Input Specification:
Each input file contains one test case. Each case starts with two positive integers N (<100) which is the total number of family members in the tree (and hence assume that all the members are numbered from 01 to N), and M (<N) which is the number of family members who have children. Then M lines follow, each contains the information of a family member in the following format:
ID K ID[1] ID[2] … ID[K]
where ID is a two-digit number representing a family member, K (>0) is the number of his/her children, followed by a sequence of two-digit ID’s of his/her children. For the sake of simplicity, let us fix the root ID to be 01. All the numbers in a line are separated by a space.
Output Specification:
For each test case, print in one line the largest population number and the level of the corresponding generation.

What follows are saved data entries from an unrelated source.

(* Let $f: (\mathbb{R}^{+})^n \to (\mathbb{R}^{+})^n$ be homogeneous and monotone such that $\mathcal{G}(f)$ is strongly connected. Then for every $\lambda \in \mathbb{R}^{+}$ the super-eigenspace $S^\lambda(f) = \{x \in (\mathbb{R}^{+})^n : f(x) \le \lambda x\}$ is bounded in the Hilbert projective metric.
   Context: Homogeneous: $f(\lambda x) = \lambda f(x)$ for all $\lambda > 0$; monotone: $x \le y$ componentwise implies $f(x) \le f(y)$. For $u > 0$ and $J \subseteq \{1,\dots,n\}$, $u_J$ is the vector with entries $u$ on $J$ and $1$ off $J$. $\mathcal{G}(f)$ is the directed graph on $\{1,\dots,n\}$ with an edge $i \to j$ iff $\lim_{u\to\infty} f_i(u_{\{j\}}) = \infty$. Hilbert projective metric: $d_H(y,z) = \max_i \log(y_i/z_i) - \min_i \log(y_i/z_i)$; a set $A$ is bounded if $\sup_{y,z\in A} d_H(y,z) < \infty$ (the empty set is bounded). *)

theory Defs
  imports "HOL-Analysis.Analysis"
begin

definition pos_vec :: "real^'n \<Rightarrow> bool" where
  "pos_vec x \<longleftrightarrow> (\<forall>i. x $ i > 0)"

definition homogeneous_pos :: "(real^'n \<Rightarrow> real^'n) \<Rightarrow> bool" where
  "homogeneous_pos f \<longleftrightarrow>
     (\<forall>x l. pos_vec x \<longrightarrow> l > 0 \<longrightarrow> f (l *\<^sub>R x) = l *\<^sub>R f x)"

definition monotone_pos :: "(real^'n \<Rightarrow> real^'n) \<Rightarrow> bool" where
  "monotone_pos f \<longleftrightarrow>
     (\<forall>x y. pos_vec x \<longrightarrow> pos_vec y \<longrightarrow> (\<forall>i. x $ i \<le> y $ i) \<longrightarrow>
        (\<forall>i. f x $ i \<le> f y $ i))"

definition uvec :: "real \<Rightarrow> 'n set \<Rightarrow> real^'n" where
  "uvec u J = (\<chi> i. if i \<in> J then u else 1)"

definition graph_of :: "(real^'n \<Rightarrow> real^'n) \<Rightarrow> ('n \<times> 'n) set" where
  "graph_of f = {(i, j). filterlim (\<lambda>u. f (uvec u {j}) $ i) at_top at_top}"

definition strongly_connected_rel :: "('n \<times> 'n) set \<Rightarrow> bool" where
  "strongly_connected_rel E \<longleftrightarrow> (\<forall>i j. (i, j) \<in> E\<^sup>*)"

definition hilbert_dist :: "real^'n::finite \<Rightarrow> real^'n \<Rightarrow> real" where
  "hilbert_dist y z =
     Max (range (\<lambda>i. ln (y $ i / z $ i))) - Min (range (\<lambda>i. ln (y $ i / z $ i)))"

definition hilbert_bounded :: "(real^'n::finite) set \<Rightarrow> bool" where
  "hilbert_bounded A \<longleftrightarrow> (\<exists>C. \<forall>y\<in>A. \<forall>z\<in>A. hilbert_dist y z \<le> C)"

definition super_eigenspace :: "(real^'n \<Rightarrow> real^'n) \<Rightarrow> real \<Rightarrow> (real^'n) set" where
  "super_eigenspace f l = {x. pos_vec x \<and> (\<forall>i. f x $ i \<le> l * x $ i)}"

end

theory Submission
  imports Defs
begin

text \<open>
  Fix \<open>x\<close> in the super-eigenspace and a lower bound \<open>t > 0\<close> of its entries. If \<open>i \<rightarrow> j\<close> is an
  edge, then \<open>t u\<^sub>{\<^sub>j\<^sub>} \<le> x\<close> for \<open>u = x\<^sub>j / t\<close>, so homogeneity and monotonicity give
  \<open>t f\<^sub>i(u\<^sub>{\<^sub>j\<^sub>}) \<le> f\<^sub>i(x) \<le> \<lambda> x\<^sub>i\<close>. As \<open>f\<^sub>i(u\<^sub>{\<^sub>j\<^sub>}) \<rightarrow> \<infinity>\<close>, a bound \<open>x\<^sub>i \<le> K t\<close> therefore forces
  \<open>x\<^sub>j \<le> B t\<close> with \<open>B\<close> independent of \<open>x\<close>. Following paths from a minimal coordinate, strong
  connectivity bounds all ratios \<open>x\<^sub>j / min x\<close> uniformly, and this bounds the Hilbert diameter.
\<close>

definition bound_propagates :: "(real^'n \<Rightarrow> real^'n) \<Rightarrow> real \<Rightarrow> 'n \<Rightarrow> 'n \<Rightarrow> bool" where
  "bound_propagates f l i j \<longleftrightarrow> (\<forall>K. \<exists>B. \<forall>x\<in>super_eigenspace f l. \<forall>t>0.
      (\<forall>k. t \<le> x $ k) \<longrightarrow> x $ i \<le> K * t \<longrightarrow> x $ j \<le> B * t)"

lemma bound_propagates_refl: "bound_propagates f l i i"
  unfolding bound_propagates_def by blast

lemma bound_propagates_trans:
  assumes "bound_propagates f l i j" and "bound_propagates f l j k"
  shows "bound_propagates f l i k"
  unfolding bound_propagates_def
proof
  fix K
  obtain B where "\<forall>x\<in>super_eigenspace f l. \<forall>t>0.
      (\<forall>k. t \<le> x $ k) \<longrightarrow> x $ i \<le> K * t \<longrightarrow> x $ j \<le> B * t"
    using assms(1) unfolding bound_propagates_def by blast
  moreover obtain B' where "\<forall>x\<in>super_eigenspace f l. \<forall>t>0.
      (\<forall>k. t \<le> x $ k) \<longrightarrow> x $ j \<le> B * t \<longrightarrow> x $ k \<le> B' * t"
    using assms(2) unfolding bound_propagates_def by blast
  ultimately show "\<exists>B'. \<forall>x\<in>super_eigenspace f l. \<forall>t>0.
      (\<forall>k. t \<le> x $ k) \<longrightarrow> x $ i \<le> K * t \<longrightarrow> x $ k \<le> B' * t"
    by blast
qed

lemma super_eigenspace_uvec_bound:
  assumes hom: "homogeneous_pos f" and mon: "monotone_pos f"
    and x: "x \<in> super_eigenspace f l" and t: "t > 0" and lower: "\<forall>k. t \<le> x $ k"
  shows "t * f (uvec (x $ j / t) {j}) $ i \<le> l * x $ i"
proof -
  let ?v = "uvec (x $ j / t) {j}"
  have x_pos: "pos_vec x"
    using x unfolding super_eigenspace_def by simp
  then have v_pos: "pos_vec ?v"
    using t unfolding pos_vec_def uvec_def by simp
  then have tv_pos: "pos_vec (t *\<^sub>R ?v)"
    using t unfolding pos_vec_def by simp
  have tv_le_x: "\<forall>k. (t *\<^sub>R ?v) $ k \<le> x $ k"
    using lower t unfolding uvec_def by auto
  have "t * f ?v $ i = f (t *\<^sub>R ?v) $ i"
    using hom v_pos t unfolding homogeneous_pos_def by simp
  also have "\<dots> \<le> f x $ i"
    using mon tv_pos x_pos tv_le_x unfolding monotone_pos_def by blast
  also have "\<dots> \<le> l * x $ i"
    using x unfolding super_eigenspace_def by simp
  finally show ?thesis .
qed

lemma bound_propagates_edge:
  assumes hom: "homogeneous_pos f" and mon: "monotone_pos f" and l: "l > 0"
    and edge: "(i, j) \<in> graph_of f"
  shows "bound_propagates f l i j"
  unfolding bound_propagates_def
proof
  fix K
  have "filterlim (\<lambda>u. f (uvec u {j}) $ i) at_top at_top"
    using edge unfolding graph_of_def by simp
  then have "eventually (\<lambda>u. l * K < f (uvec u {j}) $ i) at_top"
    by (rule filterlim_at_top_dense[THEN iffD1, rule_format])
  then obtain N where N: "\<And>u. u \<ge> N \<Longrightarrow> l * K < f (uvec u {j}) $ i"
    unfolding eventually_at_top_linorder by blast
  have "x $ j \<le> N * t"
    if x: "x \<in> super_eigenspace f l" and t: "t > 0" and lower: "\<forall>k. t \<le> x $ k"
      and xi: "x $ i \<le> K * t" for x t
  proof -
    have "t * f (uvec (x $ j / t) {j}) $ i \<le> l * x $ i"
      by (rule super_eigenspace_uvec_bound[OF hom mon x t lower])
    also have "\<dots> \<le> t * (l * K)"
      using xi l by (simp add: mult_left_mono mult.commute mult.left_commute)
    finally have "t * f (uvec (x $ j / t) {j}) $ i \<le> t * (l * K)" .
    then have "f (uvec (x $ j / t) {j}) $ i \<le> l * K"
      using t by simp
    then have "x $ j / t < N"
      using N[of "x $ j / t"] by linarith
    then show ?thesis
      using t by (simp add: divide_less_eq)
  qed
  then show "\<exists>B. \<forall>x\<in>super_eigenspace f l. \<forall>t>0.
      (\<forall>k. t \<le> x $ k) \<longrightarrow> x $ i \<le> K * t \<longrightarrow> x $ j \<le> B * t"
    by blast
qed

lemma bound_propagates_path:
  assumes "homogeneous_pos f" and "monotone_pos f" and "l > 0"
    and "(i, j) \<in> (graph_of f)\<^sup>*"
  shows "bound_propagates f l i j"
  using assms(4)
proof (induction rule: rtrancl_induct)
  case base
  show ?case by (rule bound_propagates_refl)
next
  case (step j k)
  then show ?case
    using bound_propagates_trans bound_propagates_edge[OF assms(1-3)] by blast
qed

lemma super_eigenspace_uniform_spread:
  fixes f :: "real^'n::finite \<Rightarrow> real^'n"
  assumes "\<And>i j. bound_propagates f l i j"
  shows "\<exists>C. \<forall>x\<in>super_eigenspace f l. \<exists>t>0. \<forall>k. t \<le> x $ k \<and> x $ k \<le> C * t"
proof -
  have "\<forall>p::'n \<times> 'n. \<exists>B. \<forall>x\<in>super_eigenspace f l. \<forall>t>0.
      (\<forall>k. t \<le> x $ k) \<longrightarrow> x $ fst p \<le> 1 * t \<longrightarrow> x $ snd p \<le> B * t"
    using assms unfolding bound_propagates_def by blast
  then obtain B where B: "\<And>i j x t. x \<in> super_eigenspace f l \<Longrightarrow> t > 0 \<Longrightarrow>
      \<forall>k. t \<le> x $ k \<Longrightarrow> x $ i \<le> t \<Longrightarrow> x $ j \<le> B (i, j) * t"
    by (metis fst_conv snd_conv mult_1)
  define C where "C = Max (range B)"
  have "\<exists>t>0. \<forall>k. t \<le> x $ k \<and> x $ k \<le> C * t" if x: "x \<in> super_eigenspace f l" for x
  proof -
    have "Min (range (($) x)) \<in> range (($) x)"
      by (rule Min_in) auto
    then obtain i where "x $ i = Min (range (($) x))"
      by (metis rangeE)
    then have lower: "\<forall>k. x $ i \<le> x $ k"
      by simp
    have t: "x $ i > 0"
      using x unfolding super_eigenspace_def pos_vec_def by simp
    have "x $ k \<le> C * x $ i" for k
    proof -
      have "x $ k \<le> B (i, k) * x $ i"
        using B[OF x t lower] by simp
      also have "\<dots> \<le> C * x $ i"
        using t unfolding C_def by (simp add: mult_right_mono)
      finally show ?thesis .
    qed
    then show ?thesis
      using lower t by blast
  qed
  then show ?thesis by blast
qed

lemma hilbert_dist_le_bounds:
  fixes y z :: "real^'n::finite"
  assumes "\<And>i. m \<le> ln (y $ i / z $ i)" and "\<And>i. ln (y $ i / z $ i) \<le> M"
  shows "hilbert_dist y z \<le> M - m"
proof -
  have "Max (range (\<lambda>i. ln (y $ i / z $ i))) \<le> M"
    using assms(2) by (simp add: Max_le_iff)
  moreover have "m \<le> Min (range (\<lambda>i. ln (y $ i / z $ i)))"
    using assms(1) by (simp add: Min_ge_iff)
  ultimately show ?thesis
    unfolding hilbert_dist_def by linarith
qed

lemma hilbert_dist_le_spread:
  fixes y z :: "real^'n::finite"
  assumes s: "s > 0" and y: "\<forall>k. s \<le> y $ k \<and> y $ k \<le> C * s"
    and t: "t > 0" and z: "\<forall>k. t \<le> z $ k \<and> z $ k \<le> C * t"
  shows "hilbert_dist y z \<le> 2 * ln C"
proof -
  have "s \<le> C * s"
    using y by (meson order.trans)
  then have C: "C > 0"
    using s by (simp add: zero_less_mult_iff)
  have "ln (s / (C * t)) \<le> ln (y $ i / z $ i) \<and> ln (y $ i / z $ i) \<le> ln (C * s / t)" for i
  proof -
    have yi: "s \<le> y $ i" "y $ i \<le> C * s" and zi: "t \<le> z $ i" "z $ i \<le> C * t"
      using y z by auto
    have "s / (C * t) \<le> y $ i / z $ i"
      using yi zi s t by (intro frac_le) auto
    moreover have "y $ i / z $ i \<le> C * s / t"
      using yi zi s t C by (intro frac_le) auto
    ultimately show ?thesis
      using yi zi s t C by simp
  qed
  then have "hilbert_dist y z \<le> ln (C * s / t) - ln (s / (C * t))"
    by (intro hilbert_dist_le_bounds) auto
  also have "\<dots> = 2 * ln C"
    using s t C by (simp add: ln_div ln_mult)
  finally show ?thesis .
qed

theorem theorem4:
  fixes f :: "real^'n::finite \<Rightarrow> real^'n" and l :: real
  assumes "\<And>x. pos_vec x \<Longrightarrow> pos_vec (f x)"
    and "homogeneous_pos f"
    and "monotone_pos f"
    and "strongly_connected_rel (graph_of f)"
    and "l > 0"
  shows "hilbert_bounded (super_eigenspace f l)"
proof -
  have "bound_propagates f l i j" for i j
    using bound_propagates_path[OF assms(2,3,5)] assms(4)
    unfolding strongly_connected_rel_def by blast
  then obtain C where C: "\<forall>x\<in>super_eigenspace f l. \<exists>t>0. \<forall>k. t \<le> x $ k \<and> x $ k \<le> C * t"
    using super_eigenspace_uniform_spread by blast
  show ?thesis
    unfolding hilbert_bounded_def using C hilbert_dist_le_spread by meson
qed

end
(* Let $n\geq 3$ and $m\geq 1$. The matching $\mu$ on the face poset of $\Delta_m^{n,2}$ has no critical cells of dimension $2$.
   Context: $\Delta_m^{n,2}=\mathrm{VR}(\{0,\ldots,m\}^n;2)$, where $\{0,\ldots,m\}^n$ carries the Manhattan metric $d(x,y)=\sum_i|x_i-y_i|$ and $\mathrm{VR}(X;r)$ is the complex of finite subsets of diameter $\leq r$. Order the vertices as $v_1\prec\cdots\prec v_N$ ($N=(m+1)^n$) in the anti-lexicographic order ($x\prec y$ iff at the largest index $i$ with $x_i\neq y_i$, $x_i<y_i$). Let $T_0$ be the set of all simplices of $\Delta_m^{n,2}$, including the empty simplex. For $i=1,\ldots,N$ put $S_i=\{\sigma\in T_{i-1}: v_i\notin\sigma,\ \sigma\cup\{v_i\}\in T_{i-1}\}$, $\mu(\sigma)=\sigma\cup\{v_i\}$ for $\sigma\in S_i$, and $T_i=T_{i-1}\setminus(S_i\cup\{\sigma\cup\{v_i\}:\sigma\in S_i\})$. The critical cells of $\mu$ are the simplices in $T_N$; the dimension of a simplex is its cardinality minus one. *)

theory Defs
  imports Main
begin

definition grid :: "nat \<Rightarrow> nat \<Rightarrow> nat list set" where
  "grid n m = {x. length x = n \<and> (\<forall>i<n. x ! i \<le> m)}"

definition manhattan :: "nat list \<Rightarrow> nat list \<Rightarrow> nat" where
  "manhattan x y = (\<Sum>i<length x. (x ! i - y ! i) + (y ! i - x ! i))"

text \<open>Vietoris--Rips complex VR(X; r): finite subsets of diameter at most r (empty set included).\<close>
definition VR :: "nat list set \<Rightarrow> nat \<Rightarrow> nat list set set" where
  "VR X r = {\<sigma>. \<sigma> \<subseteq> X \<and> finite \<sigma> \<and> (\<forall>x\<in>\<sigma>. \<forall>y\<in>\<sigma>. manhattan x y \<le> r)}"

definition Delta :: "nat \<Rightarrow> nat \<Rightarrow> nat list set set" where
  "Delta n m = VR (grid n m) 2"

definition antilex_less :: "nat list \<Rightarrow> nat list \<Rightarrow> bool" where
  "antilex_less x y \<longleftrightarrow> (\<exists>i<length x. x ! i < y ! i \<and> (\<forall>j. i < j \<and> j < length x \<longrightarrow> x ! j = y ! j))"

definition vertex_list :: "nat \<Rightarrow> nat \<Rightarrow> nat list list" where
  "vertex_list n m = (THE vs. set vs = grid n m \<and> sorted_wrt antilex_less vs)"

definition match_set :: "nat list set set \<Rightarrow> nat list \<Rightarrow> nat list set set" where
  "match_set T v = {\<sigma>\<in>T. v \<notin> \<sigma> \<and> insert v \<sigma> \<in> T}"

definition match_step :: "nat list set set \<Rightarrow> nat list \<Rightarrow> nat list set set" where
  "match_step T v = T - (match_set T v \<union> (insert v) ` match_set T v)"

definition critical_cells :: "nat \<Rightarrow> nat \<Rightarrow> nat list set set" where
  "critical_cells n m = foldl match_step (Delta n m) (vertex_list n m)"

end

theory Submission
  imports Defs "HOL-Library.List_Lexorder"
begin
lemma prod_list_take_branch_sizes:
  assumes "\<And>k. 0 < k \<Longrightarrow> k < length ls \<Longrightarrow> ls ! (k - 1) dvd ls ! k" and "k < length ls"
  shows "prod_list (take (Suc k) (branch_sizes n ls)) = ls ! k"
  using assms(2)
proof (induction k)
  case 0
  then show ?case by (simp add: branch_sizes_def hd_conv_nth)
next
  case (Suc k)
  have ne: "ls \<noteq> []" using Suc.prems by auto
  have "take (Suc (Suc k)) (branch_sizes n ls) =
          take (Suc k) (branch_sizes n ls) @ [ls ! Suc k div ls ! k]"
    using Suc.prems ne by (simp add: take_Suc_conv_app_nth length_branch_sizes nth_branch_sizes)
  then have "prod_list (take (Suc (Suc k)) (branch_sizes n ls)) =
              ls ! k * (ls ! Suc k div ls ! k)"
    using Suc by simp
  also have "\<dots> = ls ! Suc k"
    using assms(1)[of "Suc k"] Suc.prems by simp
  finally show ?case .
qed

lemma inner_prefix_products_branch_sizes:
  assumes "ls \<noteq> []" and "\<And>k. 0 < k \<Longrightarrow> k < length ls \<Longrightarrow> ls ! (k - 1) dvd ls ! k"
  shows "inner_prefix_products (branch_sizes n ls) = ls"
  using assms
  by (intro nth_equalityI)
     (simp_all add: length_inner_prefix_products length_branch_sizes nth_inner_prefix_products
        prod_list_take_branch_sizes)

lemma prod_list_branch_sizes:
  assumes "ls \<noteq> []" and "\<And>k. 0 < k \<Longrightarrow> k < length ls \<Longrightarrow> ls ! (k - 1) dvd ls ! k"
    and "last ls dvd n"
  shows "prod_list (branch_sizes n ls) = n"
proof -
  have "branch_sizes n ls = take (length ls) (branch_sizes n ls) @ [n div last ls]"
    using assms(1) by (auto simp: branch_sizes_def neq_Nil_conv)
  also have "prod_list \<dots> = last ls * (n div last ls)"
    using assms(1) prod_list_take_branch_sizes[OF assms(2), of "length ls - 1" n]
    by (simp add: last_conv_nth)
  also have "\<dots> = n"
    using assms(3) by simp
  finally show ?thesis .
qed

lemma prod_list_gt_1:
  fixes xs :: "nat list"
  assumes "xs \<noteq> []" and "\<forall>x\<in>set xs. 1 < x"
  shows "1 < prod_list xs"
  using assms
proof (induction xs)
  case (Cons x xs)
  then show ?case by (cases "xs = []") (auto intro: one_less_mult)
qed simp

lemma prod_list_div_prod_list_take:
  fixes xs :: "nat list"
  assumes "0 \<notin> set xs"
  shows "prod_list xs div prod_list (take j xs) = prod_list (drop j xs)"
proof -
  have "prod_list (take j xs) \<noteq> 0"
    using assms by (simp add: prod_list_zero_iff) (meson in_set_takeD)
  then show ?thesis
    by (metis append_take_drop_id prod_list.append nonzero_mult_div_cancel_left)
qed

lemma prod_list_take_nontrivial_divisor:
  fixes xs :: "nat list"
  assumes "\<forall>x\<in>set xs. 1 < x" and "0 < j" "j < length xs"
  shows "prod_list (take j xs) \<in> nontrivial_divisors (prod_list xs)"
proof -
  have split: "prod_list xs = prod_list (take j xs) * prod_list (drop j xs)"
    by (metis append_take_drop_id prod_list.append)
  have "1 < prod_list (take j xs)"
    by (rule prod_list_gt_1) (use assms in \<open>auto dest: in_set_takeD\<close>)
  moreover have "1 < prod_list (drop j xs)"
    by (rule prod_list_gt_1) (use assms in \<open>auto dest: in_set_dropD\<close>)
  ultimately show ?thesis
    unfolding nontrivial_divisors_def by (simp add: split)
qed

lemma branch_sizes_inner_prefix_products:
  fixes xs :: "nat list"
  assumes "2 \<le> length xs" and "0 \<notin> set xs"
  shows "branch_sizes (prod_list xs) (inner_prefix_products xs) = xs"
proof -
  define ls where "ls = inner_prefix_products xs"
  have len: "length ls = length xs - 1"
    by (simp add: ls_def length_inner_prefix_products)
  with assms(1) have ne: "ls \<noteq> []" by auto
  have take_Suc: "prod_list (take (Suc i) xs) = prod_list (take i xs) * xs ! i"
    if "i < length xs" for i
    using that by (simp add: take_Suc_conv_app_nth)
  have take_pos: "0 < prod_list (take i xs)" for i
    using assms(2) by (metis in_set_takeD neq0_conv prod_list_zero_iff)
  have "branch_sizes (prod_list xs) ls ! i = xs ! i" if i: "i < length xs" for i
  proof -
    consider "i = 0" | "0 < i" "i < length xs - 1" | "i = length xs - 1"
      using i by linarith
    then show ?thesis
    proof cases
      case 1
      have "ls ! 0 = prod_list (take 1 xs)"
        using assms(1) by (simp add: ls_def nth_inner_prefix_products)
      then show ?thesis
        using 1 ne assms(1) by (cases xs) (simp_all add: nth_branch_sizes hd_conv_nth)
    next
      case 2
      then show ?thesis
        using ne len take_Suc[of i] take_pos[of i]
        by (simp add: nth_branch_sizes ls_def nth_inner_prefix_products)
    next
      case 3
      have "last ls = prod_list (take (length xs - 1) xs)"
        using ne len assms(1)
        by (simp add: last_conv_nth ls_def nth_inner_prefix_products Suc_diff_Suc)
      then show ?thesis
        using 3 ne len assms take_Suc[of "length xs - 1"] take_pos[of "length xs - 1"]
        by (simp add: nth_branch_sizes)
    qed
  qed
  then show ?thesis
    using ne len assms(1) by (intro nth_equalityI) (simp_all add: length_branch_sizes ls_def)
qed
(* The Lie algebra $(\mathcal{APT},\llbracket\cdot,\cdot\rrbracket)$, where $\llbracket X,Y\rrbracket=X\rhd Y-Y\rhd X+[X,Y]$, is a post-Lie-Rinehart algebra over $S(\mathcal{PA})$ with anchor map $\rho$ and connection $\rhd$.
   Context: Work over a fixed ground field. A planar rooted tree is a finite rooted tree, with edges oriented away from the root, together with a total order on the outgoing edges of each vertex; $\mathcal{PT}$ is the span of isomorphism classes of planar rooted trees. $\mathrm{Lie}(\mathcal{PT})$ is the free Lie algebra on $\mathcal{PT}$, with bracket $[\cdot,\cdot]$. For planar trees, $t_1\rhd t_2$ is the sum, over vertices $v$ of $t_2$, of the tree obtained by adding an edge from $v$ to the root of $t_1$ as the leftmost outgoing edge of $v$. It is extended to $\mathrm{Lie}(\mathcal{PT})$ by \[ t_1\rhd[t_2,t_3]=[t_1\rhd t_2,t_3]+[t_2,t_1\rhd t_3], \] \[ [t_1,t_2]\rhd t_3=t_1\rhd(t_2\rhd t_3)-(t_1\rhd t_2)\rhd t_3-t_2\rhd(t_1\rhd t_3)+(t_2\rhd t_1)\rhd t_3. \] A planar aroma is an isomorphism class of finite connected directed graphs (loops allowed) in which each vertex has exactly one incoming edge, with a total order on the outgoing edges at each vertex. $\mathcal{PA}$ is their span and $S(\mathcal{PA})$ is the symmetric algebra. For a planar tree $t$ and a monomial $\alpha\in S(\mathcal{PA})$, $\rho(t)(\alpha)$ is the sum, over all vertices $v$ of all factors of $\alpha$, of the result of adding an edge from $v$ to the root of $t$ as the leftmost outgoing edge of $v$. For Lie polynomials, \[ \rho([t_1,t_2])=\rho(t_1)\rho(t_2)-\rho(t_1\rhd t_2)-\rho(t_2)\rho(t_1)+\rho(t_2\rhd t_1). \] Let $\mathcal{APT}=S(\mathcal{PA})\otimes\mathrm{Lie}(\mathcal{PT})$, with elements written $\alpha t$, and define: - $\rho(\alpha t)=\alpha\rho(t)$; - $[\alpha_1t_1,\alpha_2t_2]=\alpha_1\alpha_2[t_1,t_2]$; - $\alpha_1t_1\rhd\alpha_2t_2=\alpha_1\rho(t_1)(\alpha_2)t_2+\alpha_1\alpha_2(t_1\rhd t_2)$. A Lie-Rinehart algebra over a commutative unital algebra $R$ is an $R$-module $L$ with a Lie bracket $\llbracket\cdot,\cdot\rrbracket$ and an $R$-linear Lie morphism $\rho:L\to\mathrm{Der}(R)$ such that $\llbracket X,fY\rrbracket=(\rho(X)f)Y+f\llbracket X,Y\rrbracket$. A connection is a map $(X,Y)\mapsto X\rhd Y$ that is $R$-linear in $X$ and satisfies $X\rhd(fY)=(\rho(X)f)Y+fX\rhd Y$. Its torsion is $T(X,Y)=X\rhd Y-Y\rhd X-\llbracket X,Y\rrbracket$ and its curvature is $\mathcal{R}(X,Y,Z)=X\rhd(Y\rhd Z)-Y\rhd(X\rhd Z)-\llbracket X,Y\rrbracket\rhd Z$. The connection is flat if $\mathcal{R}=0$, and has constant torsion if $X\rhd T(Y,Z)=T(X\rhd Y,Z)+T(Y,X\rhd Z)$ for all $X,Y,Z$. A post-Lie-Rinehart algebra is a Lie-Rinehart algebra endowed with a flat connection that has constant torsion. *)

theory Defs
  imports Main "HOL-Library.Poly_Mapping" "HOL-Library.Multiset"
begin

It is assumed that such a generation is unique, and the root level is defined to be 1.
Sample Input:
23 13
21 1 23
01 4 03 02 04 05
03 3 06 07 08
06 2 12 13
13 1 21
08 2 15 16
02 2 09 10
11 2 19 20
17 1 22
05 1 11
07 1 14
09 1 17
10 1 18
Sample Output:
9 4
BFS层次遍历,找出哪一层人数最多利用队列进行层次遍历,利用数组存储当前层人数
代码如下:
#include<iostream>
#include<vector>
#include<queue>
using namespace std;
int main(){
int n,m;
scanf("%d%d",&n,&m);
vector<int>v[100];
for(int i=0;i<m;++i){
int father,num,child;
scanf("%d%d",&father,&num);
for(int j=0;j<num;++j){
scanf("%d",&child);
v[father].push_back(child);
}
}
vector<int>final(n+1);
vector<int>level(n+1);
queue<int> qu;
qu.push(1);
level[1]=1;
while(!qu.empty()){
int index=qu.front();
qu.pop();
final[level[index]]++;
for(int i=0;i<v[index].size();++i){
level[v[index][i]]=level[index]+1;
qu.push(v[index][i]);
}
}
int maxnum=0,current=1;
for(int i=1;i<n+1;++i){
if(maxnum<final[i]){
maxnum=final[i];
current=i;
}
}
printf("%d %d",maxnum,current);
return 0;
}